The lines below starting at the line containing "m))) = (\<lambda>n." and ending at the line containing "coefficient tends to" are to be repeated exactly, with both ends kept and nothing else added.

(Stored items)
----------------

lemma left_vec_cum_row_sum:
  assumes "perron_root \<noteq> 1"
  shows "(\<Sum>j<k. left_vec j * cum_row_sum j m) = (perron_root ^ (m + 1) - 1) / (perron_root - 1)"
proof -
  have "(\<Sum>j<k. left_vec j * cum_row_sum j m) = (\<Sum>j<k. \<Sum>t\<le>m. left_vec j * row_sum t j)"
    by (simp add: cum_row_sum_def sum_distrib_left)
  also have "\<dots> = (\<Sum>t\<le>m. \<Sum>j<k. left_vec j * row_sum t j)" by (rule sum.swap)
  also have "\<dots> = (\<Sum>t<Suc m. perron_root ^ t)" by (simp add: left_vec_row_sum lessThan_Suc_atMost)
  also have "\<dots> = (perron_root ^ (m + 1) - 1) / (perron_root - 1)"
  proof -
    have "1 - perron_root \<noteq> 0" "perron_root - 1 \<noteq> 0" using assms by auto
    then show ?thesis using assms by (simp add: sum_gp_strict field_simps)
  qed
  finally show ?thesis .
qed

context
  assumes perron_root_gt_1: "1 < perron_root"
begin

lemma cum_row_sum_total_tendsto:
  assumes "i < k"
  shows "(\<lambda>n. cum_row_sum i n / total n) \<longlonglongrightarrow> right_vec i * perron_root / (perron_root - 1)"
proof -
  have rec: "cum_row_sum i (Suc n) / total (Suc n)
      = total n / total (Suc n) * (cum_row_sum i n / total n) + row_sum (Suc n) i / total (Suc n)"
    for n
    using total_nonzero[of n] by (simp add: cum_row_sum_def add_divide_distrib)
  have \<alpha>: "(\<lambda>n. total n / total (Suc n)) \<longlonglongrightarrow> 1 / perron_root"
    using total_shift_inverse_tendsto[of 1] by simp
  have \<beta>: "(\<lambda>n. row_sum (Suc n) i / total (Suc n)) \<longlonglongrightarrow> right_vec i"
    by (rule LIMSEQ_Suc[OF row_sum_total_tendsto[OF assms]])
  have "(\<lambda>n. cum_row_sum i n / total n) \<longlonglongrightarrow> right_vec i / (1 - 1 / perron_root)"
    by (rule tendsto_linear_recurrence[OF rec \<alpha> \<beta>]) (use perron_root_gt_1 in simp)
  moreover have "right_vec i / (1 - 1 / perron_root) = right_vec i * perron_root / (perron_root - 1)"
    using perron_root_gt_1 by (simp add: field_simps)
  ultimately show ?thesis by simp
qed

lemma cum_row_sum_ratio_tendsto:
  assumes "i < k" "l < k"
  shows "(\<lambda>n. cum_row_sum l n / cum_row_sum i (n + s))
    \<longlonglongrightarrow> right_vec l / (right_vec i * perron_root ^ s)"
proof -
  define c where "c = perron_root / (perron_root - 1)"
  have "0 < c" using perron_root_gt_1 by (simp add: c_def)
  have lim_l: "(\<lambda>n. cum_row_sum l n / total n) \<longlonglongrightarrow> right_vec l * c"
    using cum_row_sum_total_tendsto[OF assms(2)] by (simp add: c_def)
  have lim_i: "(\<lambda>n. cum_row_sum i (n + s) / total (n + s)) \<longlonglongrightarrow> right_vec i * c"
    using LIMSEQ_ignore_initial_segment[OF cum_row_sum_total_tendsto[OF assms(1)], of s]
    by (simp add: c_def)
  have "(\<lambda>n. (cum_row_sum l n / total n)
      / (cum_row_sum i (n + s) / total (n + s) * (total (n + s) / total n)))
      \<longlonglongrightarrow> (right_vec l * c) / (right_vec i * c * perron_root ^ s)"
    using right_vec_pos[OF assms(1)] \<open>0 < c\<close> perron_root_pos
    by (intro tendsto_divide tendsto_mult lim_l lim_i total_shift_tendsto) simp
  moreover have "(\<lambda>n. (cum_row_sum l n / total n)
      / (cum_row_sum i (n + s) / total (n + s) * (total (n + s) / total n)))
      = (\<lambda>n. cum_row_sum l n / cum_row_sum i (n + s))"
    using total_nonzero by (intro ext) simp
  moreover have "(right_vec l * c) / (right_vec i * c * perron_root ^ s)
      = right_vec l / (right_vec i * perron_root ^ s)"
    using \<open>0 < c\<close> by simp
  ultimately show ?thesis by simp
qed

lemma sum_lim_cum_row_sum_ratio:
  assumes "i < k"
  shows "(\<Sum>l<k. lim (\<lambda>n. P s i l * cum_row_sum l n / cum_row_sum i (n + s))) = 1"
proof -
  have "lim (\<lambda>n. P s i l * cum_row_sum l n / cum_row_sum i (n + s))
      = P s i l * right_vec l / (right_vec i * perron_root ^ s)" if "l < k" for l
    using tendsto_mult_left[OF cum_row_sum_ratio_tendsto[OF assms that], of "P s i l"]
    by (intro limI) simp
  then have "(\<Sum>l<k. lim (\<lambda>n. P s i l * cum_row_sum l n / cum_row_sum i (n + s)))
      = (\<Sum>l<k. P s i l * right_vec l) / (right_vec i * perron_root ^ s)"
    by (simp add: sum_divide_distrib)
  also have "\<dots> = 1"
    using right_vec_pos[OF assms] perron_root_pos by (simp add: right_eigen_pow assms)
  finally show ?thesis .
qed

lemma P_shifted_total_tendsto:
  assumes "i < k" "j < k"
  shows "(\<lambda>n. P n i j / total (n + m)) \<longlonglongrightarrow> right_vec i * left_vec j / perron_root ^ m"
proof -
  have "(\<lambda>n. P n i j / total n * (total n / total (n + m)))
      \<longlonglongrightarrow> right_vec i * left_vec j * (1 / perron_root ^ m)"
    by (intro tendsto_mult P_total_tendsto assms total_shift_inverse_tendsto)
  moreover have "(\<lambda>n. P n i j / total n * (total n / total (n + m))) = (\<lambda>n. P n i j / total (n + m))"
    using total_nonzero by (intro ext) simp
  ultimately show ?thesis by simp
qed

text \<open>Normalised by the total mass, the window sums satisfy a linear recurrence whose
  coefficient tends to \<open>1 / \<rho>\<^sup>m\<^sup>+\<^sup>1\<close>.\<close>

lemma window_sum_total_tendsto:
  assumes "i < k" "j < k"
  shows "(\<lambda>q. (\<Sum>l<q. P (r + l * (m + 1) + 1) i j) / total (q * (m + 1) + r))
    \<longlonglongrightarrow> right_vec i * left_vec j / perron_root ^ m / (1 - 1 / perron_root ^ (m + 1))"
proof -
  define h where "h = m + 1"
  define N where "N q = (\<Sum>l<q. P (r + l * h + 1) i j)" for q
  have rec: "N (Suc q) / total (Suc q * h + r)
      = total (q * h + r) / total (q * h + r + h) * (N q / total (q * h + r))
        + P (q * h + (r + 1)) i j / total (q * h + (r + 1) + m)" for q
  proof -
    have "N (Suc q) = N q + P (q * h + (r + 1)) i j" by (simp add: N_def add.commute)
    moreover have "Suc q * h + r = q * h + r + h" "q * h + (r + 1) + m = q * h + r + h"
      by (simp_all add: h_def)
    ultimately show ?thesis
      using total_nonzero[of "q * h + r"] by (simp only:) (simp add: add_divide_distrib)
  qed
  have \<alpha>: "(\<lambda>q. total (q * h + r) / total (q * h + r + h)) \<longlonglongrightarrow> 1 / perron_root ^ h"
    using LIMSEQ_arith_subseq[OF total_shift_inverse_tendsto[of h], of h r]
    by (simp add: h_def add.assoc)
  have \<beta>: "(\<lambda>q. P (q * h + (r + 1)) i j / total (q * h + (r + 1) + m))
      \<longlonglongrightarrow> right_vec i * left_vec j / perron_root ^ m"
    by (rule LIMSEQ_arith_subseq[OF P_shifted_total_tendsto[OF assms]]) (simp add: h_def)
  have "1 < perron_root ^ h" by (rule one_less_power[OF perron_root_gt_1]) (simp add: h_def)
  then have "\<bar>1 / perron_root ^ h\<bar> < 1" by simp
  from tendsto_linear_recurrence[OF rec \<alpha> \<beta> this] show ?thesis by (simp add: N_def h_def)
qed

----------------

- _TASK RESPONSE_:
  moreover have "(\<lambda>n. P n i j / total n * (total n / total (n + m))) = (\<lambda>n. P n i j / total (n + m))"
    using total_nonzero by (intro ext) simp
  ultimately show ?thesis by simp
qed

text \<open>Normalised by the total mass, the window sums satisfy a linear recurrence whose
  coefficient tends to \<open>1 / \<rho>\<^sup>m\<^sup>+\<^sup>1\<close>.\<close>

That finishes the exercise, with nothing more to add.